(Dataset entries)
lemma admissible_if_facet_ineqs:
  assumes "\<And>c. c \<in> facet_ineqs \<Longrightarrow> excess c b \<le> 0"
  shows "admissible b"
proof -
  have fence: "if north k then b k \<le> b (k - 1) else b (k - 1) \<le> b k" if "2 \<le> k" "k < n" for k
    using assms[of "Fence k"] that by (auto simp: facet_ineqs_def split: if_splits)
  have valley_bound: "0 \<le> b q"
    if "1 \<le> q" "q < n" "2 \<le> q \<longrightarrow> north q" "q + 2 \<le> n \<longrightarrow> \<not> north (q + 1)" for q
    using assms[of "Lower q"] that by (auto simp: facet_ineqs_def valley_def)
  have peak_bound: "- 1 \<le> - b q"
    if "1 \<le> q" "q < n" "2 \<le> q \<longrightarrow> \<not> north q" "q + 2 \<le> n \<longrightarrow> \<not> \<not> north (q + 1)" for q
    using assms[of "Upper q"] that by (auto simp: facet_ineqs_def peak_def)
  have reflected_fence: "if \<not> north k then - b k \<le> - b (k - 1) else - b (k - 1) \<le> - b k"
    if "2 \<le> k" "k < n" for k
    using fence[OF that] by auto
  have lower: "0 \<le> b k" if "1 \<le> k" "k < n" for k
    using fence_lower_bound[where down = north and b = b, OF fence valley_bound that] .
  have upper: "- 1 \<le> - b k" if "1 \<le> k" "k < n" for k
    using fence_lower_bound[where down = "\<lambda>k. \<not> north k" and b = "\<lambda>k. - b k",
        OF reflected_fence peak_bound that] .
  show ?thesis
    by (rule admissibleI[OF _ fence]) (use lower upper in force)
qed

lemma facet_ineq_separable:
  assumes "c \<in> facet_ineqs"
  shows "\<exists>b. 0 < excess c b \<and> (\<forall>c'\<in>all_ineqs - {c}. excess c' b \<le> 0)"
proof -
  consider (lower) q where "c = Lower q" "valley q" | (upper) q where "c = Upper q" "peak q"
    | (fence) k where "c = Fence k" "2 \<le> k" "k < n"
    using assms by (auto simp: facet_ineqs_def)
  then show ?thesis
  proof cases
    case lower
    define b where "b j = (if j = q then - 1/2 else 1/2 :: real)" for j
    have "excess c' b \<le> 0" if "c' \<in> all_ineqs - {c}" for c'
      using that lower by (auto simp: all_ineqs_def valley_def b_def split: if_splits)
    moreover have "0 < excess c b" using lower by (simp add: b_def)
    ultimately show ?thesis by blast
  next
    case upper
    define b where "b j = (if j = q then 3/2 else 1/2 :: real)" for j
    have "excess c' b \<le> 0" if "c' \<in> all_ineqs - {c}" for c'
      using that upper by (auto simp: all_ineqs_def peak_def b_def split: if_splits)
    moreover have "0 < excess c b" using upper by (simp add: b_def)
    ultimately show ?thesis by blast
  next
    case fence
    define b where "b j = (if north k then of_bool (k \<le> j) else of_bool (j < k) :: real)" for j
    have "excess c' b \<le> 0" if "c' \<in> all_ineqs - {c}" for c'
      using that fence by (auto simp: all_ineqs_def b_def split: if_splits)
    moreover have "\<not> k \<le> k - 1" using fence by simp
    then have "0 < excess c b" using fence by (simp add: b_def)
    ultimately show ?thesis by blast
  qed
qed

text \<open>The normalised difference between the numbers of East and North steps of P; it moves
  strictly in the direction prescribed by every fence.\<close>
definition balanced :: "nat \<Rightarrow> real" where
  "balanced k = (real n + real k - 2 * real (hgt P k)) / (2 * real n)"

lemma excess_balanced:
  assumes "c \<in> all_ineqs"
  shows "excess c balanced < 0"
proof -
  have n: "0 < real n" using n_ge_2 by simp
  have range: "0 < balanced k \<and> balanced k < 1" if "1 \<le> k" "k < n" for k
    using hgt_le[of P k] that n by (simp add: balanced_def field_simps)
  have step: "balanced k - balanced (k - 1) = (1 - 2 * of_bool (north k)) / (2 * real n)"
    if "1 \<le> k" "k \<le> n" for k
  proof -
    have "hgt P k = hgt P (k - 1) + of_bool (north k)" "real (k - 1) = real k - 1"
      using hgt_P_Suc[of "k - 1"] that by auto
    then show ?thesis
      by (simp add: balanced_def diff_divide_distrib[symmetric] algebra_simps)
  qed
  from assms show ?thesis
  proof (cases rule: all_ineqs_cases)
    case (fence k)
    then have "excess c balanced = - 1 / (2 * real n)"
      using step[of k] by (cases "north k") (auto simp: field_simps)
    then show ?thesis using n by simp
  qed (use range in auto)
qed

lemma admissible_slack_vertex:
  assumes "B \<in> bases lpm"
  shows "admissible (slack (indvec \<iota> B))"
proof -
  have sub: "B \<subseteq> {1..n}" and bounds: "\<And>k. 1 \<le> k \<Longrightarrow> k < n \<Longrightarrow> hgt P k \<le> nb B k \<and> nb B k \<le> hgt P k + 1"
    using assms by (auto simp: bases_lpm_iff)
  have slack: "slack (indvec \<iota> B) k = real (nb B k) - real (hgt P k)" if "k \<le> n" for k
    using sub that by (simp add: slack_def psum_indvec)
  have box: "0 \<le> slack (indvec \<iota> B) k \<and> slack (indvec \<iota> B) k \<le> 1" if "1 \<le> k" "k < n" for k
  proof -
    have "real (hgt P k) \<le> real (nb B k)" "real (nb B k) \<le> real (hgt P k) + 1"
      using bounds[OF that] by simp_all
    then show ?thesis using slack[of k] that by simp
  qed
  have fence: "if north k then slack (indvec \<iota> B) k \<le> slack (indvec \<iota> B) (k - 1)
      else slack (indvec \<iota> B) (k - 1) \<le> slack (indvec \<iota> B) k" if "2 \<le> k" "k < n" for k
  proof -
    have "slack (indvec \<iota> B) k - slack (indvec \<iota> B) (k - 1) = of_bool (k \<in> B) - of_bool (north k)"
      using that slack[of k] slack[of "k - 1"] nb_Suc[of B "k - 1"] hgt_P_Suc[of "k - 1"] by simp
    then show ?thesis by (auto simp: of_bool_def split: if_splits)
  qed
  show ?thesis
    by (rule admissibleI[OF box fence])
qed

lemma point_in_vertices:
  assumes "admissible b" and b01: "\<And>k. 1 \<le> k \<Longrightarrow> k < n \<Longrightarrow> b k = 0 \<or> b k = 1"
  shows "point b \<in> indvec \<iota> ` bases lpm"
proof -
  define B where "B = {k \<in> {1..n}. coord (point b) k = 1}"
  have "coord (point b) k = 0 \<or> coord (point b) k = 1" if k: "k \<in> {1..n}" for k
  proof -
    consider "k = 1" | "k = n" | "2 \<le> k" "k < n"
      using k by (cases "k = 1"; cases "k = n") auto
    then show ?thesis
    proof cases
      case 1
      then show ?thesis using b01[of 1] n_ge_2 not_north_1 by (simp add: coord_point clip_def)
    next
      case 2
      then show ?thesis using b01[of "n - 1"] n_ge_2 by (auto simp: coord_point clip_def)
    next
      case 3
      then show ?thesis
        using b01[of k] b01[of "k - 1"] admissible_fence[OF assms(1) 3]
        by (auto simp: coord_point clip_def split: if_splits)
    qed
  qed
  moreover have sub: "B \<subseteq> {1..n}" by (auto simp: B_def)
  ultimately have point_eq: "point b = indvec \<iota> B"
    by (intro vec_eq_if_coord_eq) (auto simp: coord_indvec B_def)
  have nb: "real (nb B k) = hgt P k + clip b k" if "k \<le> n" for k
    using psum_indvec[OF sub that] psum_point[OF that, of b] point_eq by simp
  have "card B = r"
    using nb[of n] sub hgt_P_n by (simp add: nb_def Int_absorb2 clip_def)
  moreover have "hgt P k \<le> nb B k \<and> nb B k \<le> hgt P k + 1" if "1 \<le> k" "k < n" for k
  proof -
    have "real (hgt P k) \<le> real (nb B k) \<and> real (nb B k) \<le> real (hgt P k + 1)"
      using nb[of k] admissible_bounds[OF assms(1) that] that by (simp add: clip_def)
    then show ?thesis by (simp only: of_nat_le_iff)
  qed
  ultimately have "B \<in> bases lpm"
    using sub by (simp add: bases_lpm_iff)
  then show ?thesis
    using point_eq by blast
qed

lemma admissible_positive_indicator:
  assumes "admissible b"
  shows "admissible (\<lambda>k. of_bool (0 < b k))"
  using assms by (auto simp: admissible_iff split: if_splits)

lemma admissible_remove_indicator:
  assumes "admissible b" and "0 < \<beta>" and "\<beta> < 1"
    and min: "\<And>k. 1 \<le> k \<Longrightarrow> k < n \<Longrightarrow> 0 < b k \<Longrightarrow> \<beta> \<le> b k"
  shows "admissible (\<lambda>k. (b k - \<beta> * of_bool (0 < b k)) / (1 - \<beta>))"
proof -
  define c where "c k = b k - \<beta> * of_bool (0 < b k)" for k
  have box: "0 \<le> c k \<and> c k \<le> 1 - \<beta>" if "1 \<le> k" "k < n" for k
    using admissible_bounds[OF assms(1) that] min[OF that] assms(3) by (auto simp: c_def)
  have fence: "if north k then c k \<le> c (k - 1) else c (k - 1) \<le> c k" if "2 \<le> k" "k < n" for k
  proof -
    have "0 \<le> b k" "0 \<le> b (k - 1)" "if north k then b k \<le> b (k - 1) else b (k - 1) \<le> b k"
      using admissible_bounds[OF assms(1), of k] admissible_bounds[OF assms(1), of "k - 1"]
        admissible_fence[OF assms(1) that] that by auto
    moreover have "0 < b k \<Longrightarrow> \<beta> \<le> b k" "0 < b (k - 1) \<Longrightarrow> \<beta> \<le> b (k - 1)"
      using min[of k] min[of "k - 1"] that by auto
    ultimately show ?thesis by (auto simp: c_def split: if_splits)
  qed
  have "0 < 1 - \<beta>" using assms(3) by simp
  show ?thesis
    unfolding c_def[symmetric]
  proof (rule admissibleI)
    fix k assume "1 \<le> k" "k < n"
    then show "0 \<le> c k / (1 - \<beta>) \<and> c k / (1 - \<beta>) \<le> 1"
      using box \<open>0 < 1 - \<beta>\<close> by simp
  next
    fix k assume k: "2 \<le> k" "k < n"
    show "if north k then c k / (1 - \<beta>) \<le> c (k - 1) / (1 - \<beta>) else c (k - 1) / (1 - \<beta>) \<le> c k / (1 - \<beta>)"
      using fence[OF k] \<open>0 < 1 - \<beta>\<close> by (cases "north k") (simp_all add: divide_right_mono)
  qed
qed

definition support :: "(nat \<Rightarrow> real) \<Rightarrow> nat set" where
  "support b = {k. 1 \<le> k \<and> k < n \<and> 0 < b k}"

lemma finite_support: "finite (support b)"
  by (rule finite_subset[of _ "{..<n}"]) (auto simp: support_def)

## [Work order]
For this exercise, find all lines in the records containing the word "split" and copy them.

## [Written response]
    using assms[of "Fence k"] that by (auto simp: facet_ineqs_def split: if_splits)
      using that lower by (auto simp: all_ineqs_def valley_def b_def split: if_splits)
      using that upper by (auto simp: all_ineqs_def peak_def b_def split: if_splits)
      using that fence by (auto simp: all_ineqs_def b_def split: if_splits)
    then show ?thesis by (auto simp: of_bool_def split: if_splits)
        by (auto simp: coord_point clip_def split: if_splits)
  using assms by (auto simp: admissible_iff split: if_splits)
    ultimately show ?thesis by (auto simp: c_def split: if_splits)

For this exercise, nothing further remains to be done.